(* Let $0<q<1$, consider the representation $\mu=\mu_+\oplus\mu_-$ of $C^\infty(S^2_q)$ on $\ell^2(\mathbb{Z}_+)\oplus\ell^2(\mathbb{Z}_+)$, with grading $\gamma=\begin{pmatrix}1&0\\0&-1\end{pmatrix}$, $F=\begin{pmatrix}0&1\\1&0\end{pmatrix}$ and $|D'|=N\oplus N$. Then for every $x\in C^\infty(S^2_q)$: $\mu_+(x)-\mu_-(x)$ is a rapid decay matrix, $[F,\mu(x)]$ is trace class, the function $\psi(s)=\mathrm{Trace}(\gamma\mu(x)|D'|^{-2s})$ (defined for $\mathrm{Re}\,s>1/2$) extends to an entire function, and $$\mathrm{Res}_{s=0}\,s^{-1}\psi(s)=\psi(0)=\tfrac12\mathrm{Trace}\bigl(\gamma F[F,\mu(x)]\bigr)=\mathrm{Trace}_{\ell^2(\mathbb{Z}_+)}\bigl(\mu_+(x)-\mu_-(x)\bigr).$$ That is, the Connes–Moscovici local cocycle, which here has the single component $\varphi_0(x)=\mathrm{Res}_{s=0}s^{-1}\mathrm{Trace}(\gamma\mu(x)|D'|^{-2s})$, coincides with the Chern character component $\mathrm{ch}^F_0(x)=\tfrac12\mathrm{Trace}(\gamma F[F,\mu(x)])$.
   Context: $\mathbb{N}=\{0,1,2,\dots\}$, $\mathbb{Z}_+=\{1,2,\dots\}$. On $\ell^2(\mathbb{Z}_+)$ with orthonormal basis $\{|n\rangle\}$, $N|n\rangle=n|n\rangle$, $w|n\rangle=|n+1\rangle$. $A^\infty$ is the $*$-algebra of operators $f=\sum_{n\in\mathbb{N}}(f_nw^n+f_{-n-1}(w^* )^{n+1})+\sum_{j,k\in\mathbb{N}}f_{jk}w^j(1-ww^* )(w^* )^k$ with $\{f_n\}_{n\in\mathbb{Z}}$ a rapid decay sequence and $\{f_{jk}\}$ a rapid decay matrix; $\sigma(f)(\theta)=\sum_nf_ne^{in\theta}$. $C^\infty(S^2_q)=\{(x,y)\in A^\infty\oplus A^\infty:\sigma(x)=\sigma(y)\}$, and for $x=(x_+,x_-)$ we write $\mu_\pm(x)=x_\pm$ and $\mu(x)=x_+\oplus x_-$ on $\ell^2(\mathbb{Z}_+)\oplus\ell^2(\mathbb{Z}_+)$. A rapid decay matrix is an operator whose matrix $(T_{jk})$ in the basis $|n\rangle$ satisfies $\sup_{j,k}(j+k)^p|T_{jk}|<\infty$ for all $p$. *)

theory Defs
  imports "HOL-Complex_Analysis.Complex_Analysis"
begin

==

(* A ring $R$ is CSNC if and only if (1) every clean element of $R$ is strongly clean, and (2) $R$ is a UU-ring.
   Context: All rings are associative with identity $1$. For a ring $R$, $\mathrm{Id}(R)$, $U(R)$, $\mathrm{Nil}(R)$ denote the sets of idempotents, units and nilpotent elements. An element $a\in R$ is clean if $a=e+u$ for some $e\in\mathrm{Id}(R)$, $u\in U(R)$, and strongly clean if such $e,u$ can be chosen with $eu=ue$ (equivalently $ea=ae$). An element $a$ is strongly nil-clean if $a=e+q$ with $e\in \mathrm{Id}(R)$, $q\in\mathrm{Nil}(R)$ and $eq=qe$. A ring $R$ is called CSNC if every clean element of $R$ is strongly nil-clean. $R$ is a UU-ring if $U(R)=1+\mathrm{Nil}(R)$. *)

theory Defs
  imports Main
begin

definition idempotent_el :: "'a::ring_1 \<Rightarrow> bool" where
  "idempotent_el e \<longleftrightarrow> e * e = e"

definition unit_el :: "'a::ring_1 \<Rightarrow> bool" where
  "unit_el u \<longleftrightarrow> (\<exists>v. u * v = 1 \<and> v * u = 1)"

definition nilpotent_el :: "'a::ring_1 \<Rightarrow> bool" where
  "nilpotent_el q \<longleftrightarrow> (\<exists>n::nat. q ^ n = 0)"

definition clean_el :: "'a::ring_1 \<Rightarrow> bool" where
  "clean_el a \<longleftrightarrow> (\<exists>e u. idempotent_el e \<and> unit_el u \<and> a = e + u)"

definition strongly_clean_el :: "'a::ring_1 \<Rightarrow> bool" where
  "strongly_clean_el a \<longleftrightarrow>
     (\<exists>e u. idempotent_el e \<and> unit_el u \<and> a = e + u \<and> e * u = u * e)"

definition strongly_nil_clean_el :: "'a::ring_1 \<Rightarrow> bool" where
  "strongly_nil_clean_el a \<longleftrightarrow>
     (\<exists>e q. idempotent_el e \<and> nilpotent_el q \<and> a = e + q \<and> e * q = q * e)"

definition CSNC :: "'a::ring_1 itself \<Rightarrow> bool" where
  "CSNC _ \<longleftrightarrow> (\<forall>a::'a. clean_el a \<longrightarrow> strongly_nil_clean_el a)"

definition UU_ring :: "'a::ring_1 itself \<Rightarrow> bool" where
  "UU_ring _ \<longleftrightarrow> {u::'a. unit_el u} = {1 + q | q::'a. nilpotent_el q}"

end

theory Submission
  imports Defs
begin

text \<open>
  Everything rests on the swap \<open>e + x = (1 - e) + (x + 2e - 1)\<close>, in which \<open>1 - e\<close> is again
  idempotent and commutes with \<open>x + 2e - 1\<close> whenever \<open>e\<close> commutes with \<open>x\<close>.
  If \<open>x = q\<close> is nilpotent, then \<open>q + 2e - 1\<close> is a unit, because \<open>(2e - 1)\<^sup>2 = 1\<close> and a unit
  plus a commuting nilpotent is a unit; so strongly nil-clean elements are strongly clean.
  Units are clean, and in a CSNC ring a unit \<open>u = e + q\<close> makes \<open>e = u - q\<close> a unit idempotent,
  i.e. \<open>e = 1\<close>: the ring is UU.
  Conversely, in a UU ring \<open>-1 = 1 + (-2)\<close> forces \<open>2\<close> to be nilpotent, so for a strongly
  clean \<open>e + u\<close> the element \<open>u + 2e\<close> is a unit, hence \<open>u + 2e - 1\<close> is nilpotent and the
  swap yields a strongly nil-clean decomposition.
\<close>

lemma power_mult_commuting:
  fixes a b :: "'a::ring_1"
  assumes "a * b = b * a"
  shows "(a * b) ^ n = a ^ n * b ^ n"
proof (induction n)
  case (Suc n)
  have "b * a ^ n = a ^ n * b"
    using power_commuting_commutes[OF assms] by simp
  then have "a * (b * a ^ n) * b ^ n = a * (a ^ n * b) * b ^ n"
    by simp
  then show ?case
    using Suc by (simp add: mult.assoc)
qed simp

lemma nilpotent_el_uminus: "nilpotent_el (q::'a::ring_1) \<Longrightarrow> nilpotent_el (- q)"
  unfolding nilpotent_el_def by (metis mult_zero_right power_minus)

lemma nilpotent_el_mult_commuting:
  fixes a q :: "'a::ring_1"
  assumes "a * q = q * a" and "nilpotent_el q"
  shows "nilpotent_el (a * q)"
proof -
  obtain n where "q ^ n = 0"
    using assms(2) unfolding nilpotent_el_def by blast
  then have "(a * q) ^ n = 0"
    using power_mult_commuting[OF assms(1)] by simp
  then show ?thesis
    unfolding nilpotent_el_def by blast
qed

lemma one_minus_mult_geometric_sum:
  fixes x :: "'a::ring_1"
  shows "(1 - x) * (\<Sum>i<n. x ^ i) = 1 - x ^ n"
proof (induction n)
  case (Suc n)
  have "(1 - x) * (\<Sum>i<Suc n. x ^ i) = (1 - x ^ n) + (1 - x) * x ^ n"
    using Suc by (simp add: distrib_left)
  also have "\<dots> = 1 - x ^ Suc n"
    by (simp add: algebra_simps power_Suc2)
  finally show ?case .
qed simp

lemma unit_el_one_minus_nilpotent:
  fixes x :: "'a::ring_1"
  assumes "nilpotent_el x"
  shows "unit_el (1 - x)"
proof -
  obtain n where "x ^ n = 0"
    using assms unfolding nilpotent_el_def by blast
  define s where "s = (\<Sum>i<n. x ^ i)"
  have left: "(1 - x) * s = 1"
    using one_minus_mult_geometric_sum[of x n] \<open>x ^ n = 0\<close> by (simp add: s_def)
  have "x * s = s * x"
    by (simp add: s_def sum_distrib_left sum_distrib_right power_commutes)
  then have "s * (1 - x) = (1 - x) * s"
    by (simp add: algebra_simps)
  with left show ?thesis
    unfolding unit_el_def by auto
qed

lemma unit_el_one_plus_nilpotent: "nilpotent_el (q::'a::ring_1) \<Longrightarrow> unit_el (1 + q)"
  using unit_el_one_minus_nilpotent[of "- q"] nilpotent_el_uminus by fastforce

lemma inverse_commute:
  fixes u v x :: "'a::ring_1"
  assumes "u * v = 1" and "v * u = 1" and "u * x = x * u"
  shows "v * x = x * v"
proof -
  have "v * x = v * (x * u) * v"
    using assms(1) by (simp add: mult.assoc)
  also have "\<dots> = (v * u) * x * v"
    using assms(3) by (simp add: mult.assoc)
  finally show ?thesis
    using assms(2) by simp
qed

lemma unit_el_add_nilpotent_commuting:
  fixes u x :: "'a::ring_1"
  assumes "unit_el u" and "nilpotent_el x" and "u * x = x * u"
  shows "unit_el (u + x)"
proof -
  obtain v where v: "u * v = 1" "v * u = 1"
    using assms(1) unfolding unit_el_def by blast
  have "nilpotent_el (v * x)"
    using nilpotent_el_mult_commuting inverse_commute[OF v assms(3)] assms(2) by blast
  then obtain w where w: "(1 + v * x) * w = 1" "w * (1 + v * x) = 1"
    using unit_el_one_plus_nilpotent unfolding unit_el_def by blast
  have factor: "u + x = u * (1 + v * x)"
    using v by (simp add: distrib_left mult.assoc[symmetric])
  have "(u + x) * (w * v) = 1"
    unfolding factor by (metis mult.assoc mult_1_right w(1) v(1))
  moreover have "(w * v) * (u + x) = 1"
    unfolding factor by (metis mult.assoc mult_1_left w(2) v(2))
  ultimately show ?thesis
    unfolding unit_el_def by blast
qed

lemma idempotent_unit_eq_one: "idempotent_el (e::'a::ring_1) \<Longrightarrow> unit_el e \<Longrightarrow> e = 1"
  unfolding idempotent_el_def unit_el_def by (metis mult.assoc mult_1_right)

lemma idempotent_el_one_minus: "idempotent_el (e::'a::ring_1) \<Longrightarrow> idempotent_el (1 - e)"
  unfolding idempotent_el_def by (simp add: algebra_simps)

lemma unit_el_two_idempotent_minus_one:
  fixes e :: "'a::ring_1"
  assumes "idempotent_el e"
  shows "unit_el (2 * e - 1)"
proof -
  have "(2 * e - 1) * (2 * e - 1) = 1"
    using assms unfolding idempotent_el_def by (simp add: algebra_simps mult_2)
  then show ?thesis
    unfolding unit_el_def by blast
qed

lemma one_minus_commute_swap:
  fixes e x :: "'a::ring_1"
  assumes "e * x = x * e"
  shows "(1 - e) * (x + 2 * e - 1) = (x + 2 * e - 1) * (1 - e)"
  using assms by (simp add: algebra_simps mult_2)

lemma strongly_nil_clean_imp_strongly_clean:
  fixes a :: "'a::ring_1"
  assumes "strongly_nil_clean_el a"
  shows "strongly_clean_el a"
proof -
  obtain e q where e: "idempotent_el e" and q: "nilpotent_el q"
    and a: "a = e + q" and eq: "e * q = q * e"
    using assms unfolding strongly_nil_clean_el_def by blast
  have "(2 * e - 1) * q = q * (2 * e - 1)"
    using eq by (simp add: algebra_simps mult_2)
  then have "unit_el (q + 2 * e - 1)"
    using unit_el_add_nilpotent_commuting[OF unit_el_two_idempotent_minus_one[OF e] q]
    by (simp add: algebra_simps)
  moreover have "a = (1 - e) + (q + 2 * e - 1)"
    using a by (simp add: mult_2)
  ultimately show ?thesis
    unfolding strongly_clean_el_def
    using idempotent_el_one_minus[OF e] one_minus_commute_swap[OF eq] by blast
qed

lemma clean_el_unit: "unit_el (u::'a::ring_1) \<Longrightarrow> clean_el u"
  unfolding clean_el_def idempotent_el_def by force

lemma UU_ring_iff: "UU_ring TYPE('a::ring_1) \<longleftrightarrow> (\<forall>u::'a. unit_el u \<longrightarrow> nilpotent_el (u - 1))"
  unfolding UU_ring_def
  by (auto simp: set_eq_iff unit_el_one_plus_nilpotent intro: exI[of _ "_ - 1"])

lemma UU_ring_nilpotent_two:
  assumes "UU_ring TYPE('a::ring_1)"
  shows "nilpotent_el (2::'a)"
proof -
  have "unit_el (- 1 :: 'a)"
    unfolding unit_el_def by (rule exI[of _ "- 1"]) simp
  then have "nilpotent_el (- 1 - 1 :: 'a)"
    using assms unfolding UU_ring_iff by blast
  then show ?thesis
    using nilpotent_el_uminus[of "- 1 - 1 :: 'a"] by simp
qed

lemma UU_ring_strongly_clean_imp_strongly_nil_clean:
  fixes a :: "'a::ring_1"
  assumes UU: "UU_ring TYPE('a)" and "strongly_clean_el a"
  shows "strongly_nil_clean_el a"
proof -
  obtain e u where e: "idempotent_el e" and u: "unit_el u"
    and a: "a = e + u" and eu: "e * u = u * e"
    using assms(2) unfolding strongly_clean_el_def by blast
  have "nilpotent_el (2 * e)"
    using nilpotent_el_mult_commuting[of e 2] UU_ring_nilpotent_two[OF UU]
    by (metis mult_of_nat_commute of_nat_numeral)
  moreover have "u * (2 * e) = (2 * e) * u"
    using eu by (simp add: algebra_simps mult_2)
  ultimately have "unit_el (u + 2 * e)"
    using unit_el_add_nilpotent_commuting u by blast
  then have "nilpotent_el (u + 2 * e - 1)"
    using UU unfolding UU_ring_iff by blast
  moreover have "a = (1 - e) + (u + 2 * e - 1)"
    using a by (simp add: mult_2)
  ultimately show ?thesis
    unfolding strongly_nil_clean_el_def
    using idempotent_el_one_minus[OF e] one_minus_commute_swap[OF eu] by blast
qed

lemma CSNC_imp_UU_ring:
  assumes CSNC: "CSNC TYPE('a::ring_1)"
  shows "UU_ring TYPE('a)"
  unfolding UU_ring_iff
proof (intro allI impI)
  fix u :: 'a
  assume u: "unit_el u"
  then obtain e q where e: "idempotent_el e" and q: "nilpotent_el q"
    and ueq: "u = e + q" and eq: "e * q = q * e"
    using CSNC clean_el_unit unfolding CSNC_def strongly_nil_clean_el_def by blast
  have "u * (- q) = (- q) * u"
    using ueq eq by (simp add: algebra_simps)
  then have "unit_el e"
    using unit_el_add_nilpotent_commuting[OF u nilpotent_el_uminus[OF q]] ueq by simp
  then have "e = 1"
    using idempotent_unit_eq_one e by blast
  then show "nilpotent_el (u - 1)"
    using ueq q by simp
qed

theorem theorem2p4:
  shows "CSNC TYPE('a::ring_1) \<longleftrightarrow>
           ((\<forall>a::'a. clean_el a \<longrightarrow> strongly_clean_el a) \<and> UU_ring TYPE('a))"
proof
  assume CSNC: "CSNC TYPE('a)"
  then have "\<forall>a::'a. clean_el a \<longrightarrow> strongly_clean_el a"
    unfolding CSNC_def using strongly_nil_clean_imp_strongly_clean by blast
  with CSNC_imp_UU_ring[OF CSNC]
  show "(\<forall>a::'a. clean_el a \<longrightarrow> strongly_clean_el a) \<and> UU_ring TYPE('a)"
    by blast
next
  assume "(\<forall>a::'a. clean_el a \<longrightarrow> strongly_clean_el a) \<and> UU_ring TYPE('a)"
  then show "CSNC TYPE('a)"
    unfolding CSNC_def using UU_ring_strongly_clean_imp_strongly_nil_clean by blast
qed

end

### Work order
Please determine how many lines in the entries contain the word "finally" and reply with that figure alone.

### Result below
2